>>>

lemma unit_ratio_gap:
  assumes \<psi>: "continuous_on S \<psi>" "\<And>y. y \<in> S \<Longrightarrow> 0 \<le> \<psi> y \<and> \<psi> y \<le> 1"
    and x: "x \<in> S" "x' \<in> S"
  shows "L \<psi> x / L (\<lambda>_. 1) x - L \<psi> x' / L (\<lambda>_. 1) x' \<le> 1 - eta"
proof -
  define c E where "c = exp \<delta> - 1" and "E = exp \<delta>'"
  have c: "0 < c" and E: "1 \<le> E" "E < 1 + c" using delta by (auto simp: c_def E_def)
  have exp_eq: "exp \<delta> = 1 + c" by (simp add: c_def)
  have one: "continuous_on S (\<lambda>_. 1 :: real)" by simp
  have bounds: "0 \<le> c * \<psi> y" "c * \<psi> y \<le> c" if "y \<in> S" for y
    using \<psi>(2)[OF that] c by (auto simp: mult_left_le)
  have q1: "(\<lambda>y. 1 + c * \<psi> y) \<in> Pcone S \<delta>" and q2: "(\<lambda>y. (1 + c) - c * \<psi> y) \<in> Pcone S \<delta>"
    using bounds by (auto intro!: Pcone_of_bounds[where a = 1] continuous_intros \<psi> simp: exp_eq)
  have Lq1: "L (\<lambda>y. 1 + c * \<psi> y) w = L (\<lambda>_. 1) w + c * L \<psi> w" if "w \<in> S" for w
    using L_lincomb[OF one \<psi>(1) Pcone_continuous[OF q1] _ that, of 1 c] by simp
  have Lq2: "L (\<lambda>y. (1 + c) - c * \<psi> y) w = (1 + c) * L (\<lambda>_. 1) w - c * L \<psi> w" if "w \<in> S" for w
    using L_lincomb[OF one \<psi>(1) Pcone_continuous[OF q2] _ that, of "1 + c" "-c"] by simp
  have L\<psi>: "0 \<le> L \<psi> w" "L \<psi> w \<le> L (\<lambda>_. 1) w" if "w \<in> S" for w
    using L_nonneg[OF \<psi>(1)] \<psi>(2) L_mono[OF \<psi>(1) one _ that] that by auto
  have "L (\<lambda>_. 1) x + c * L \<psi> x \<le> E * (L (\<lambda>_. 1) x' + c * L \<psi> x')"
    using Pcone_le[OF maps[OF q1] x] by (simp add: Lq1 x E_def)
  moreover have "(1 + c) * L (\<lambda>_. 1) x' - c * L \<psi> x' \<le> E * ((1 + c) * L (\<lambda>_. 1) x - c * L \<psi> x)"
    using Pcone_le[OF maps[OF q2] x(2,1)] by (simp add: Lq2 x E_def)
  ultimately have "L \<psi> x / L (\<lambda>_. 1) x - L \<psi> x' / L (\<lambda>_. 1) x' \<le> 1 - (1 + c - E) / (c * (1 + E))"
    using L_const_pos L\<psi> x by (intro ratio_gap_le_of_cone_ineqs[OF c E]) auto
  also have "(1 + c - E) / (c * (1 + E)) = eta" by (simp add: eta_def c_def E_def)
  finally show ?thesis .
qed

<<<

> **Requirement**
Go through the material and copy out every line with "intro" in it.

> **Task result**
    using bounds by (auto intro!: Pcone_of_bounds[where a = 1] continuous_intros \<psi> simp: exp_eq)
    using L_const_pos L\<psi> x by (intro ratio_gap_le_of_cone_ineqs[OF c E]) auto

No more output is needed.